#### AIM OF THE TASK:
Scan the records for the string "arbitrary". State how many lines contain it and add nothing.

#### DATA FOR THE TASK:
++++

section \<open>Amortized cost of one request\<close>

text \<open>A single paid exchange raises the potential by at most 5: only the transposed pair
  changes its contribution.\<close>
lemma Phi_swap:
  assumes "distinct ys" "set ys = S"
  shows "Phi S bits xs (swap i ys) \<le> Phi S bits xs ys + 5"
proof (cases "Suc i < length ys")
  case False
  then show ?thesis by (simp add: swap_def)
next
  case True
  then obtain us a b ws where ys: "ys = us @ a # b # ws" and sw: "swap i ys = us @ b # a # ws"
    by (rule swap_adjacent)
  have fin: "finite S" using assms by auto
  define D where "D x y = pot bits xs (swap i ys) x y - pot bits xs ys x y" for x y
  have D0: "D x y = 0" if "(x, y) \<in> S \<times> S - {(a, b), (b, a)}" for x y
  proof (cases "x = y")
    case False
    have "{x, y} \<noteq> {a, b}" using that by (auto simp: doubleton_eq_iff)
    moreover have "x \<in> set ys" "y \<in> set ys" using that assms by auto
    ultimately have "precedes (swap i ys) x y \<longleftrightarrow> precedes ys x y"
      unfolding sw using False assms(1) precedes_transpose[of us a b ws x y] by (simp add: ys)
    then show ?thesis unfolding D_def pot_def by simp
  qed (simp add: D_def pot_def)
  have ab: "a \<noteq> b" "(a, b) \<in> S \<times> S" "(b, a) \<in> S \<times> S" using assms ys by auto
  have "Phi S bits xs (swap i ys) - Phi S bits xs ys = (\<Sum>(x, y)\<in>S \<times> S. D x y)"
    unfolding Phi_def D_def sum.cartesian_product by (simp add: split_def sum_subtractf)
  also have "\<dots> = (\<Sum>(x, y)\<in>{(a, b), (b, a)}. D x y)"
    using D0 fin ab by (intro sum.mono_neutral_right) auto
  also have "\<dots> = D a b + D b a" using ab by simp
  also have "\<dots> \<le> 5"
    using pot_pair_le_5[of bits xs "swap i ys" a b]
      pot_nonneg[of bits xs ys a b] pot_nonneg[of bits xs ys b a]
    unfolding D_def by linarith
  finally show ?thesis by simp
qed

lemma Phi_swaps:
  assumes "distinct ys" "set ys = S"
  shows "Phi S bits xs (foldl (\<lambda>l i. swap i l) ys sws) \<le> Phi S bits xs ys + 5 * int (length sws)"
  using assms
proof (induction sws arbitrary: ys)
  case (Cons i sws)
  have "distinct (swap i ys)" "set (swap i ys) = S"
    using Cons.prems by (auto simp: distinct_swap set_swap)
  then show ?case using Cons.IH Phi_swap[OF Cons.prems, of bits xs i] by fastforce
qed simp

lemma pot_pair_access:
  fixes bits :: "'a \<Rightarrow> bool" and m :: nat
  assumes "distinct xs" "distinct ys" "set xs = set ys" "q \<in> set xs" "y \<in> set xs" "y \<noteq> q"
  defines "bits' \<equiv> bits(q := \<not> bits q)" and "xs' \<equiv> mtf2_step bits xs q" and "ys' \<equiv> mvfwd m q ys"
  shows "2 * of_bool (precedes xs y q) + (pot bits' xs' ys' q y + pot bits' xs' ys' y q)
           - (pot bits xs ys q y + pot bits xs ys y q) \<le> 5 * of_bool (precedes ys y q)"
proof -
  have qy: "q \<in> set ys" using assms(3,4) by simp
  have sets: "set xs' = set xs" "set ys' = set xs"
    using set_mtf2_step[OF assms(1,4)] set_mvfwd[OF assms(2) qy] assms(3)
    by (simp_all add: xs'_def ys'_def)
  have "precedes xs' y q \<longleftrightarrow> \<not> bits q \<and> precedes xs y q"
    unfolding xs'_def by (rule mtf2_step_precedes_self)
  moreover have "precedes ys' y q \<longrightarrow> precedes ys y q"
    using mvfwd_precedes_self[OF assms(2) qy assms(6)] by (simp add: ys'_def)
  ultimately show ?thesis
    using pair_pot_access[of "precedes xs' y q" "bits q" "precedes xs y q"
        "precedes ys' y q" "precedes ys y q" "bits y"]
      pot_pair[of q y xs' ys' bits'] pot_pair[of q y xs ys bits] assms(3-6) sets qy
    by (simp add: bits'_def)
qed

text \<open>Only pairs involving q change their weight; sum pot_pair_access over y.\<close>
lemma Phi_access:
  assumes "distinct xs" "distinct ys" "set xs = S" "set ys = S" "q \<in> S"
  shows "2 * int (idx xs q) + Phi S (bits(q := \<not> bits q)) (mtf2_step bits xs q) (mvfwd m q ys)
           \<le> 5 * int (idx ys q) + Phi S bits xs ys"
proof -
  define bits' where "bits' = bits(q := \<not> bits q)"
  define xs' where "xs' = mtf2_step bits xs q"
  define ys' where "ys' = mvfwd m q ys"
  have fin: "finite S" using assms by auto
  have qx: "q \<in> set xs" and qy: "q \<in> set ys" using assms by auto
  define D where "D x y = pot bits' xs' ys' x y - pot bits xs ys x y" for x y
  have D_other: "D x y = 0" if "x \<noteq> q" "y \<noteq> q" for x y
    using that mtf2_step_precedes_other[OF assms(1) qx] mvfwd_precedes_other[OF assms(2) qy]
    by (simp add: D_def pot_def bits'_def xs'_def ys'_def)
  have D_qq: "D q q = 0" by (simp add: D_def pot_def)
  have D_pair: "D q y + D y q \<le> 5 * of_bool (precedes ys y q) - 2 * of_bool (precedes xs y q)"
    if "y \<in> S" for y
  proof (cases "y = q")
    case False
    then show ?thesis
      using pot_pair_access[OF assms(1,2) _ qx _ False, of bits m] that assms(3,4)
      unfolding D_def bits'_def xs'_def ys'_def by simp
  qed (simp add: D_qq)
  have "Phi S bits' xs' ys' - Phi S bits xs ys = (\<Sum>x\<in>S. \<Sum>y\<in>S. D x y)"
    unfolding Phi_def D_def by (simp add: sum_subtractf)
  also have "\<dots> = (\<Sum>y\<in>S. D q y + D y q)"
    using fin assms(5) D_qq D_other by (rule sum_pairs_through)
  also have "\<dots> \<le> (\<Sum>y\<in>S. 5 * of_bool (precedes ys y q) - 2 * of_bool (precedes xs y q))"
    using D_pair by (rule sum_mono)
  also have "\<dots> = 5 * int (idx ys q) - 2 * int (idx xs q)"
    using fin idx_eq_card_precedes[OF assms(1) qx] idx_eq_card_precedes[OF assms(2) qy] assms(3,4)
    by (simp add: sum_subtractf sum_distrib_left[symmetric])
  finally show ?thesis by (simp add: bits'_def xs'_def ys'_def)
qed


lemma mtf2_amortized:
  assumes "distinct xs" "distinct ys" "set xs = S" "set ys = S" "set \<sigma> \<subseteq> S"
    "length as = length \<sigma>"
  shows "2 * int (mtf2 full bits xs \<sigma>) \<le> 5 * int (offline_cost full ys \<sigma> as) + Phi S bits xs ys"
  using assms
proof (induction \<sigma> arbitrary: xs ys bits as)
  case Nil
  then show ?case using Phi_nonneg[of S bits xs ys] by simp
next
  case (Cons q \<sigma>)
  obtain m sws as' where as: "as = (m, sws) # as'" "length as' = length \<sigma>"
    using Cons.prems(6) by (cases as) auto
  define ys1 where "ys1 = foldl (\<lambda>l i. swap i l) ys sws"
  have q: "q \<in> S" "q \<in> set xs" using Cons.prems(3,5) by auto
  have ys1: "Phi S bits xs ys1 \<le> Phi S bits xs ys + 5 * int (length sws)"
      "distinct ys1" "set ys1 = S"
    unfolding ys1_def
    using Phi_swaps[OF Cons.prems(2,4)] distinct_swaps[OF Cons.prems(2)] Cons.prems(4)
    by (simp_all add: set_swaps)
  have q1: "q \<in> set ys1" using ys1(3) q by simp
  have "distinct (mtf2_step bits xs q)" "set (mtf2_step bits xs q) = S"
    using distinct_mtf2_step[OF Cons.prems(1) q(2)] set_mtf2_step[OF Cons.prems(1) q(2)]
      Cons.prems(3)
    by simp_all
  moreover have "distinct (mvfwd m q ys1)" "set (mvfwd m q ys1) = S"
    using distinct_mvfwd[OF ys1(2) q1] set_mvfwd[OF ys1(2) q1] ys1(3) by simp_all
  moreover have "set \<sigma> \<subseteq> S" using Cons.prems(5) by simp
  ultimately have IH: "2 * int (mtf2 full (bits(q := \<not> bits q)) (mtf2_step bits xs q) \<sigma>)
      \<le> 5 * int (offline_cost full (mvfwd m q ys1) \<sigma> as')
        + Phi S (bits(q := \<not> bits q)) (mtf2_step bits xs q) (mvfwd m q ys1)"
    using Cons.IH as(2) by blast
  have "offline_cost full ys (q # \<sigma>) as
      = length sws + acc_cost full ys1 q + offline_cost full (mvfwd m q ys1) \<sigma> as'"
    by (simp add: as Let_def ys1_def)
  then show ?case unfolding mtf2_Cons_step
    using IH ys1(1) Phi_access[OF Cons.prems(1) ys1(2) Cons.prems(3) ys1(3) q(1), of bits m]
    by (simp add: acc_cost_def)
qed

text \<open>OPT is attained by some offline algorithm (the set of costs is a nonempty set of
  naturals).\<close>
lemma OPT_attained: "\<exists>as. length as = length \<sigma> \<and> offline_cost full s \<sigma> as = OPT full s \<sigma>"
proof -
  let ?lazy = "replicate (length \<sigma>) (0, [])"
  have "\<exists>c as. length as = length \<sigma> \<and> offline_cost full s \<sigma> as = c"
    by (intro exI[of _ ?lazy] exI) simp
  from LeastI_ex[OF this] show ?thesis unfolding OPT_def by blast
qed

++++

#### RESULT OF THIS TASK:
2